text \<open>Seminorms on VH that are continuous for the inductive limit topology:
exactly those whose restriction to every step space is continuous.\<close>
definition VH_cont_seminorm :: "((complex \<Rightarrow> complex) \<Rightarrow> real) \<Rightarrow> bool" where
  "VH_cont_seminorm p \<longleftrightarrow>
     (\<forall>f\<in>VH. \<forall>g\<in>VH. p (\<lambda>z. f z + g z) \<le> p f + p g) \<and>
     (\<forall>f\<in>VH. \<forall>c::complex. p (\<lambda>z. c * f z) = norm c * p f) \<and>
     (\<forall>k. \<exists>C. \<forall>f. in_Hvk k f \<longrightarrow> p f \<le> C * norm_Hvk k f)"

text \<open>The finest locally convex topology on VH making all inclusions continuous.\<close>
definition VH_top :: "(complex \<Rightarrow> complex) topology" where
  "VH_top = topology (\<lambda>U. U \<subseteq> VH \<and> (\<forall>x\<in>U. \<exists>p e. VH_cont_seminorm p \<and> e > 0 \<and>
       {y\<in>VH. p (\<lambda>z. y z - x z) < e} \<subseteq> U))"

definition cesaro :: "(complex \<Rightarrow> complex) \<Rightarrow> (complex \<Rightarrow> complex)" where
  "cesaro f = (\<lambda>z. if z \<in> ball 0 1 then
      (if z = 0 then f 0 else (1 / z) * contour_integral (linepath 0 z) (\<lambda>\<zeta>. f \<zeta> / (1 - \<zeta>)))
     else 0)"

definition power_bounded_VH :: "((complex \<Rightarrow> complex) \<Rightarrow> (complex \<Rightarrow> complex)) \<Rightarrow> bool" where
  "power_bounded_VH T \<longleftrightarrow> (\<forall>V. openin VH_top V \<and> (\<lambda>_. 0) \<in> V \<longrightarrow>
     (\<exists>U. openin VH_top U \<and> (\<lambda>_. 0) \<in> U \<and> (\<forall>n::nat. \<forall>f\<in>U. (T ^^ n) f \<in> V)))"

definition cesaro_mean :: "((complex \<Rightarrow> complex) \<Rightarrow> (complex \<Rightarrow> complex)) \<Rightarrow> nat \<Rightarrow>
    (complex \<Rightarrow> complex) \<Rightarrow> (complex \<Rightarrow> complex)" where
  "cesaro_mean T n f = (\<lambda>z. (\<Sum>m=1..n. (T ^^ m) f z) / of_nat n)"

definition mean_ergodic_VH :: "((complex \<Rightarrow> complex) \<Rightarrow> (complex \<Rightarrow> complex)) \<Rightarrow> bool" where
  "mean_ergodic_VH T \<longleftrightarrow> (\<forall>f\<in>VH. \<exists>g. limitin VH_top (\<lambda>n. cesaro_mean T n f) g sequentially)"

definition supercyclic_VH :: "((complex \<Rightarrow> complex) \<Rightarrow> (complex \<Rightarrow> complex)) \<Rightarrow> bool" where
  "supercyclic_VH T \<longleftrightarrow> (\<exists>z\<in>VH.
     VH_top closure_of {(\<lambda>w. c * (T ^^ n) z w) | c n. (c::complex) \<in> UNIV \<and> (n::nat) \<in> UNIV} = VH)"

end

theory Submission
  imports Defs
begin

text \<open>The Cesaro operator \<open>C\<close> fixes \<open>f(0)\<close> and halves \<open>f(0) - f'(0)\<close>, and along the
  radius \<open>[0,1)\<close> it is a positive averaging operator:
  \<open>Re (C f)(x) = (1/x) \<integral>\<^sub>0\<^sup>x Re f(t) / (1 - t) dt\<close>.  Starting from a constant \<open>c \<ge> 0\<close> this gives
  \<open>(C\<^sup>n c)(x) \<ge> c (-log(1 - x))\<^sup>n / n!\<close>, increasing in \<open>n\<close>.

  Power boundedness fails for the continuous seminorm \<open>sup (1 - |z|)\<^sup>1\<^sup>/\<^sup>4 |f(z)|\<close>, which is at
  least \<open>c (4/e)\<^sup>n\<close> on \<open>C\<^sup>n c\<close>, as seen at the point where \<open>-log(1 - x) = 4n\<close>.  The Cesaro means of
  \<open>1\<close> eventually exceed \<open>(-log(1 - x))\<^sup>k\<^sup>+\<^sup>1 / (2 (k+1)!)\<close> at \<open>x\<close>, a growth no element of
  \<open>H\<^sub>v\<^sub>k\<close> can follow, so they do not converge.  Finally \<open>|f(0)| + |f(0) - f'(0)|\<close> is a continuous
  seminorm for which every scaled orbit \<open>\<lambda> C\<^sup>n z\<close> stays away from a function with \<open>f(0) = 1\<close>
  and large \<open>f(0) - f'(0)\<close>, so no orbit is supercyclic.\<close>

section \<open>The Cesaro operator on holomorphic functions\<close>

lemma holomorphic_convex_linepath_primitive:
  assumes holf: "f holomorphic_on S" and S: "convex S" "open S" and a: "a \<in> S" and x: "x \<in> S"
  shows "((\<lambda>x. contour_integral (linepath a x) f) has_field_derivative f x) (at x)"
proof -
  have "((\<lambda>x. contour_integral (linepath a x) f) has_field_derivative f x) (at x within S)"
  proof (rule triangle_contour_integrals_convex_primitive[OF holomorphic_on_imp_continuous_on[OF holf] a S(1) x])
    fix b c assume "b \<in> S" "c \<in> S"
    then have "(f has_contour_integral 0) (linepath a b +++ linepath b c +++ linepath c a)"
      using a S(1) by (intro Cauchy_theorem_convex_simple[OF holf])
        (auto simp: path_image_join convex_contains_segment)
    then show "contour_integral (linepath a b) f + contour_integral (linepath b c) f +
        contour_integral (linepath c a) f = 0"
      by (rule has_chain_integral_chain_integral3)
  qed
  then show ?thesis using at_within_open[OF x S(2)] by simp
qed

lemma deriv_0_of_ident_times_primitive:
  assumes holG: "G holomorphic_on S" and holh: "h holomorphic_on S" and S: "open S" "0 \<in> S"
    and dzG: "\<And>w. w \<in> S \<Longrightarrow> ((\<lambda>z. z * G z) has_field_derivative h w) (at w)"
  shows "deriv G 0 = deriv h 0 / 2"
proof -
  have holdG: "deriv G holomorphic_on S"
    using holG S(1) by (rule holomorphic_deriv)
  have product_rule: "G w + w * deriv G w = h w" if w: "w \<in> S" for w
  proof -
    have "((\<lambda>z. z * G z) has_field_derivative G w + w * deriv G w) (at w)"
      using holomorphic_derivI[OF holG S(1) w] by (auto intro!: derivative_eq_intros)
    then show ?thesis using dzG[OF w] DERIV_unique by blast
  qed
  have "deriv G 0 = deriv (\<lambda>w. h w - w * deriv G w) 0"
    using holG holh holdG S product_rule
    by (intro complex_derivative_transform_within_open[where s = S])
      (auto intro!: holomorphic_intros simp: algebra_simps)
  also have "\<dots> = deriv h 0 - deriv G 0"
    using holomorphic_derivI[OF holh S] holomorphic_derivI[OF holdG S]
    by (intro DERIV_imp_deriv) (auto intro!: derivative_eq_intros)
  finally show ?thesis by (simp add: field_simps)
qed

lemma cesaro_0 [simp]: "cesaro f 0 = f 0"
  by (simp add: cesaro_def)

lemma times_cesaro_eq_integral:
  assumes "z \<in> ball 0 1"
  shows "z * cesaro f z = contour_integral (linepath 0 z) (\<lambda>\<zeta>. f \<zeta> / (1 - \<zeta>))"
  using assms by (cases "z = 0") (auto simp: cesaro_def)

lemma cesaro_integrand_primitive:
  assumes "f holomorphic_on ball 0 1" "z \<in> ball 0 1"
  shows "((\<lambda>x. contour_integral (linepath 0 x) (\<lambda>\<zeta>. f \<zeta> / (1 - \<zeta>))) has_field_derivative
           f z / (1 - z)) (at z)"
  using assms
  by (intro holomorphic_convex_linepath_primitive[where S = "ball 0 1"] holomorphic_intros) auto

lemma cesaro_holomorphic:
  assumes holf: "f holomorphic_on ball 0 1"
  shows "cesaro f holomorphic_on ball 0 1"
proof -
  define F where "F = (\<lambda>x. contour_integral (linepath 0 x) (\<lambda>\<zeta>. f \<zeta> / (1 - \<zeta>)))"
  have dF: "(F has_field_derivative f z / (1 - z)) (at z)" if "z \<in> ball 0 1" for z
    unfolding F_def using holf that by (rule cesaro_integrand_primitive)
  then have "F holomorphic_on ball 0 1"
    using holomorphic_on_open by blast
  then have hol: "(\<lambda>z. if z = 0 then deriv F 0 else (F z - F 0) / (z - 0)) holomorphic_on ball 0 1"
    by (rule pole_lemma) auto
  have "deriv F 0 = f 0"
    using DERIV_imp_deriv[OF dF[of 0]] by simp
  then show ?thesis
    by (intro holomorphic_transform[OF hol]) (auto simp: cesaro_def F_def field_simps)
qed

---------------

What to work on: Write down again, exactly as given, only the lines above that fall from the line with "and large \<open>f(0)" to the line with "(linepath b c) f +", inclusive.

The completed task:
  and large \<open>f(0) - f'(0)\<close>, so no orbit is supercyclic.\<close>

section \<open>The Cesaro operator on holomorphic functions\<close>

lemma holomorphic_convex_linepath_primitive:
  assumes holf: "f holomorphic_on S" and S: "convex S" "open S" and a: "a \<in> S" and x: "x \<in> S"
  shows "((\<lambda>x. contour_integral (linepath a x) f) has_field_derivative f x) (at x)"
proof -
  have "((\<lambda>x. contour_integral (linepath a x) f) has_field_derivative f x) (at x within S)"
  proof (rule triangle_contour_integrals_convex_primitive[OF holomorphic_on_imp_continuous_on[OF holf] a S(1) x])
    fix b c assume "b \<in> S" "c \<in> S"
    then have "(f has_contour_integral 0) (linepath a b +++ linepath b c +++ linepath c a)"
      using a S(1) by (intro Cauchy_theorem_convex_simple[OF holf])
        (auto simp: path_image_join convex_contains_segment)
    then show "contour_integral (linepath a b) f + contour_integral (linepath b c) f +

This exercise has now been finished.